Me crié en un mundo agrícola y con una muy pequeña explotación ganadera, vacas, terneros y cerdos. Viví el cuidado y la atención que merecen los animales de corral, quizás por este aprendizaje cultural nunca comprendí cómo a un bobino se le pudo cambiar la dieta, por la maldita codicia, hasta enloquecerlo y contaminar a los consumidores.

Siento el sustantivo toro como una palabra de sonoridad potente,  que puede tener varios significados. Para un japonés o un amante del atún rojo, toro es una de las partes mas apreciadas, el corte de la ventresca con una grasa infiltrada valoradísima, un bocado de una textura gastronómicamente excepcional.

Toro en mi universo infantil, familiar y agrícola, significa también la potente máquina para nivelar terrenos de cultivo y asentar caminos.

Toro en mis recuerdos de salidas familiares, es una silueta en la cima de una colina de un paisaje, en el camino de un pequeño viaje.  Una imagen que me conducía a relacionarlo con uno de los brandys que vendíamos en la tienda familiar.

Toro en mis emociones artísticas, son impactantes y bellísimas imágenes de atletas cretenses, o dibujos y pinturas de Goya, Manet, Picasso, Miró, Dalí, Botero o Barceló. Obras artísticas que calaban en mí, y me preguntaba  cómo sería asistir al espectáculo de una corrida? En mi entorno familiar no hay ni una pizca de cultura taurina, nadie nunca me habló del mundo del toro. Pero mi profesión me ha conducido a conocer a verdaderos fans de la tauromaquia, y ellos despertaron mi interés por la experiencia taurina, mi curiosidad por llegar a entender esta pasión.

He asistido en mi vida solo a dos corridas, las dos en la plaza Monumental de Barcelona, las dos acompañada de amantes del mundo del toro, las dos con José Tomás en el cartel. Desde mi ignorancia taurina, he de confesarles que aquellas tardes viví emociones muy profundas. Viví la corrida como una danza, un ballet, un diálogo a muerte entre un toro y un torero. Nada de música, sólo el toro y el torero llenando el ruedo, el público percibiendo su sudor, su respiración, su encuentro, su lucha, su final.
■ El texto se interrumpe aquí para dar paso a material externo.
(* Let $L$ be a finite-dimensional pure, nonnilpotent, solvable Lie algebra over $\mathbb{C}$ of breadth $2$ such that $\dim[L,L]=3$ and $\dim\big(L/Z(L)\big)=3$. Then $[L,L]$ is isomorphic to the $3$-dimensional Heisenberg Lie algebra (i.e. it has a basis $\{x,y,z\}$ with $[x,y]=z$ and $[x,z]=[y,z]=0$).
   Context: For $x\in L$, $b(x)=\mathrm{rank}(\mathrm{ad}_x)$ and the breadth of $L$ is $b(L)=\max\{b(x)\mid x\in L\}$. $L$ is pure if it has no abelian ideal as a direct summand; equivalently $Z(L)\subseteq[L,L]$, where $Z(L)$ is the center. *)

theory Defs
  imports Complex_Main
begin

text \<open>The whole type is L.\<close>

definition lie_algebra :: "(complex \<Rightarrow> 'v::ab_group_add \<Rightarrow> 'v) \<Rightarrow> ('v \<Rightarrow> 'v \<Rightarrow> 'v) \<Rightarrow> bool" where
  "lie_algebra sc br \<longleftrightarrow>
     vector_space sc \<and>
     (\<forall>x y z. br (x + y) z = br x z + br y z) \<and>
     (\<forall>x y z. br x (y + z) = br x y + br x z) \<and>
     (\<forall>c x y. br (sc c x) y = sc c (br x y)) \<and>
     (\<forall>c x y. br x (sc c y) = sc c (br x y)) \<and>
     (\<forall>x. br x x = 0) \<and>
     (\<forall>x y z. br x (br y z) + br y (br z x) + br z (br x y) = 0)"

definition finite_dim_lie :: "(complex \<Rightarrow> 'v::ab_group_add \<Rightarrow> 'v) \<Rightarrow> bool" where
  "finite_dim_lie sc \<longleftrightarrow> (\<exists>B. finite B \<and> module.span sc B = UNIV)"

definition lie_bracket_set ::
  "(complex \<Rightarrow> 'v::ab_group_add \<Rightarrow> 'v) \<Rightarrow> ('v \<Rightarrow> 'v \<Rightarrow> 'v) \<Rightarrow> 'v set \<Rightarrow> 'v set \<Rightarrow> 'v set" where
  "lie_bracket_set sc br S T = module.span sc {br x y | x y. x \<in> S \<and> y \<in> T}"

definition derived_alg :: "(complex \<Rightarrow> 'v::ab_group_add \<Rightarrow> 'v) \<Rightarrow> ('v \<Rightarrow> 'v \<Rightarrow> 'v) \<Rightarrow> 'v set" where
  "derived_alg sc br = lie_bracket_set sc br UNIV UNIV"

definition lie_center :: "('v::ab_group_add \<Rightarrow> 'v \<Rightarrow> 'v) \<Rightarrow> 'v set" where
  "lie_center br = {z. \<forall>x. br z x = 0}"

fun derived_series :: "(complex \<Rightarrow> 'v::ab_group_add \<Rightarrow> 'v) \<Rightarrow> ('v \<Rightarrow> 'v \<Rightarrow> 'v) \<Rightarrow> nat \<Rightarrow> 'v set" where
  "derived_series sc br 0 = UNIV"
| "derived_series sc br (Suc n) = lie_bracket_set sc br (derived_series sc br n) (derived_series sc br n)"

fun lower_central_series :: "(complex \<Rightarrow> 'v::ab_group_add \<Rightarrow> 'v) \<Rightarrow> ('v \<Rightarrow> 'v \<Rightarrow> 'v) \<Rightarrow> nat \<Rightarrow> 'v set" where
  "lower_central_series sc br 0 = UNIV"
| "lower_central_series sc br (Suc n) = lie_bracket_set sc br UNIV (lower_central_series sc br n)"

definition solvable_lie :: "(complex \<Rightarrow> 'v::ab_group_add \<Rightarrow> 'v) \<Rightarrow> ('v \<Rightarrow> 'v \<Rightarrow> 'v) \<Rightarrow> bool" where
  "solvable_lie sc br \<longleftrightarrow> (\<exists>n. derived_series sc br n = {0})"

definition nilpotent_lie :: "(complex \<Rightarrow> 'v::ab_group_add \<Rightarrow> 'v) \<Rightarrow> ('v \<Rightarrow> 'v \<Rightarrow> 'v) \<Rightarrow> bool" where
  "nilpotent_lie sc br \<longleftrightarrow> (\<exists>n. lower_central_series sc br n = {0})"

text \<open>Pure: equivalently, the centre is contained in the derived algebra.\<close>
definition pure_lie :: "(complex \<Rightarrow> 'v::ab_group_add \<Rightarrow> 'v) \<Rightarrow> ('v \<Rightarrow> 'v \<Rightarrow> 'v) \<Rightarrow> bool" where
  "pure_lie sc br \<longleftrightarrow> lie_center br \<subseteq> derived_alg sc br"

definition elem_breadth :: "(complex \<Rightarrow> 'v::ab_group_add \<Rightarrow> 'v) \<Rightarrow> ('v \<Rightarrow> 'v \<Rightarrow> 'v) \<Rightarrow> 'v \<Rightarrow> nat" where
  "elem_breadth sc br x = vector_space.dim sc (range (br x))"

definition lie_breadth :: "(complex \<Rightarrow> 'v::ab_group_add \<Rightarrow> 'v) \<Rightarrow> ('v \<Rightarrow> 'v \<Rightarrow> 'v) \<Rightarrow> nat" where
  "lie_breadth sc br = Max (range (elem_breadth sc br))"

end

theory Submission
  imports Defs
begin

text \<open>
  Write Z for the centre and D for the derived algebra; purity means Z \<subseteq> D. If e1, e2, e3
  span L modulo Z, the three brackets of the e_i span D, so dim D = 3 makes them a basis of D.
  The Jacobi identity for e1, e2, e3, read modulo Z, then shows that br e1 e2 is central as soon
  as D lies in Z + span {e1, e2}. Choose the e_i adapted to Z \<subseteq> D and compare dim Z with 3:
  dim Z = 0 makes L perfect, against solvability; dim Z = 3 and dim Z = 2 give [L, D] \<subseteq> Z,
  against non-nilpotency; for dim Z = 1 we get D = Z + span {u, v} with u, v \<in> D, and
  w = br u v is a non-zero central vector, so Z = span {w} and u, v, w is a Heisenberg basis of D.
\<close>

context module
begin

lemma independent3_lincomb_eq_0:
  assumes "independent {p, q, r}" "card {p, q, r} = 3"
    and "a *s p + b *s q + c *s r = 0"
  shows "a = 0 \<and> b = 0 \<and> c = 0"
proof -
  have distinct: "p \<noteq> q" "p \<noteq> r" "q \<noteq> r"
    using assms(2) by (auto simp: card_insert_if split: if_splits)
  define f where "f v = (if v = p then a else if v = q then b else c)" for v
  have "(\<Sum>v\<in>{p, q, r}. f v *s v) = 0"
    using distinct assms(3) by (simp add: f_def add.assoc)
  then have "\<forall>v\<in>{p, q, r}. f v = 0"
    using assms(1)[unfolded independent_explicit_module, rule_format, of "{p, q, r}" f] by blast
  then show ?thesis
    using distinct by (simp add: f_def)
qed

end

context vector_space
begin

lemma in_span_insert_subspace:
  assumes "subspace S" "y \<in> span (insert a S)"
  obtains c where "y - c *s a \<in> S"
  using assms span_breakdown_eq span_eq_iff by blast

end

context finite_dimensional_vector_space
begin

lemma spanning_complement_exists:
  assumes "S \<subseteq> T"
  obtains F where "F \<subseteq> T" "card F = dim T - dim S" "T \<subseteq> span (S \<union> F)"
proof -
  obtain BS where BS: "BS \<subseteq> S" "independent BS" "S \<subseteq> span BS" "card BS = dim S"
    by (rule basis_exists)
  obtain BT where BT: "BS \<subseteq> BT" "BT \<subseteq> T" "independent BT" "T \<subseteq> span BT"
    using maximal_independent_subset_extend[of BS T] BS(1,2) assms by blast
  have "finite BT" "card BT = dim T"
    using BT(3) finiteI_independent basis_card_eq_dim[OF BT(2,4,3)] by blast+
  show ?thesis
  proof (rule that[of "BT - BS"])
    show "BT - BS \<subseteq> T"
      using BT(2) by blast
    show "card (BT - BS) = dim T - dim S"
      using BS(4) BT(1) \<open>finite BT\<close> \<open>card BT = dim T\<close> by (simp add: card_Diff_subset finite_subset)
    have "span BT \<subseteq> span (S \<union> (BT - BS))"
      using BS(1) by (intro span_mono) blast
    with BT(4) show "T \<subseteq> span (S \<union> (BT - BS))"
      by blast
  qed
qed

lemma independent_if_card_le_dim_span:
  assumes "finite B" "card B \<le> dim (span B)"
  shows "independent B" "card B = dim (span B)"
proof -
  show "independent B"
    using card_le_dim_spanning[OF span_superset order_refl] assms .
  then show "card B = dim (span B)"
    by (rule dim_span_eq_card_independent[symmetric])
qed

end

locale complex_lie_algebra = vector_space scale
  for scale :: "complex \<Rightarrow> 'v::ab_group_add \<Rightarrow> 'v" (infixr \<open>*s\<close> 75) +
  fixes br :: "'v \<Rightarrow> 'v \<Rightarrow> 'v"
  assumes br_add_left [simp]: "br (x + y) z = br x z + br y z"
    and br_add_right [simp]: "br x (y + z) = br x y + br x z"
    and br_scale_left [simp]: "br (c *s x) y = c *s br x y"
    and br_scale_right [simp]: "br x (c *s y) = c *s br x y"
    and br_self [simp]: "br x x = 0"
    and jacobi: "br x (br y z) + br y (br z x) + br z (br x y) = 0"
begin

lemma br_zero_left [simp]: "br 0 y = 0"
  using br_add_left[of 0 0 y] by simp

lemma br_zero_right [simp]: "br x 0 = 0"
  using br_add_right[of x 0 0] by simp

lemma br_antisym: "br x y = - br y x"
proof -
  have "br x y + br y x = br (x + y) (x + y)"
    unfolding br_add_left br_add_right by simp
  also have "\<dots> = 0"
    by simp
  finally show ?thesis
    by (simp add: eq_neg_iff_add_eq_0)
qed

lemma subspace_lie_center: "subspace (lie_center br)"
  by (rule subspaceI) (simp_all add: lie_center_def)

lemma br_center_left [simp]: "z \<in> lie_center br \<Longrightarrow> br z x = 0"
  by (simp add: lie_center_def)

lemma br_center_right [simp]: "z \<in> lie_center br \<Longrightarrow> br x z = 0"
  using br_antisym[of x z] by simp

lemma derived_alg_eq_span: "derived_alg scale br = span {br x y | x y. True}"
  by (simp add: derived_alg_def lie_bracket_set_def)

lemma subspace_derived_alg: "subspace (derived_alg scale br)"
  by (simp add: derived_alg_eq_span)

lemma br_in_derived_alg [simp]: "br x y \<in> derived_alg scale br"
  unfolding derived_alg_eq_span by (rule span_base) blast

lemma br_in_subspace_span:
  assumes "subspace V" "x \<in> span S" "y \<in> span T"
    and "\<And>s t. s \<in> S \<Longrightarrow> t \<in> T \<Longrightarrow> br s t \<in> V"
  shows "br x y \<in> V"
proof -
  have left: "br s y \<in> V" if "s \<in> S" for s
    using assms(3) by (rule span_induct) (use assms(1,4) that in \<open>auto simp: subspace_def\<close>)
  show ?thesis
    using assms(2) by (rule span_induct) (use assms(1) left in \<open>auto simp: subspace_def\<close>)
qed

lemma derived_alg_eq_span_brackets:
  assumes "UNIV \<subseteq> span (lie_center br \<union> {e1, e2, e3})"
  shows "derived_alg scale br = span {br e1 e2, br e1 e3, br e2 e3}"
proof
  let ?T = "{br e1 e2, br e1 e3, br e2 e3}"
  show "span ?T \<subseteq> derived_alg scale br"
    using subspace_derived_alg by (intro span_minimal) auto
  have "br e1 e2 \<in> span ?T" "br e1 e3 \<in> span ?T" "br e2 e3 \<in> span ?T"
    by (auto intro: span_base)
  then have "br s t \<in> span ?T" if "s \<in> {e1, e2, e3}" "t \<in> {e1, e2, e3}" for s t
    using that br_antisym[of e2 e1] br_antisym[of e3 e1] br_antisym[of e3 e2]
    by (auto simp: span_zero span_neg)
  then have "br x y \<in> span ?T" for x y
    using assms by (intro br_in_subspace_span[of _ x "lie_center br \<union> {e1, e2, e3}" y
          "lie_center br \<union> {e1, e2, e3}"]) (auto simp: span_zero)
  then show "derived_alg scale br \<subseteq> span ?T"
    unfolding derived_alg_eq_span by (intro span_minimal) auto
qed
Probablemente porque practico una alimentación variada y omnívora, y porque defiendo una calidad de vida para el devorado y para el devorador; por mi relación gastronómica con el mundo cárnico, comprendo las dificultades en pro de la calidad, de los ganaderos, de los carniceros, y puedo también entender las dificultades del mundo de la tauromaquia. Es tan difícil como intentar comprender la filosofía del cazador que es amante, defensor y cuidador de la naturaleza.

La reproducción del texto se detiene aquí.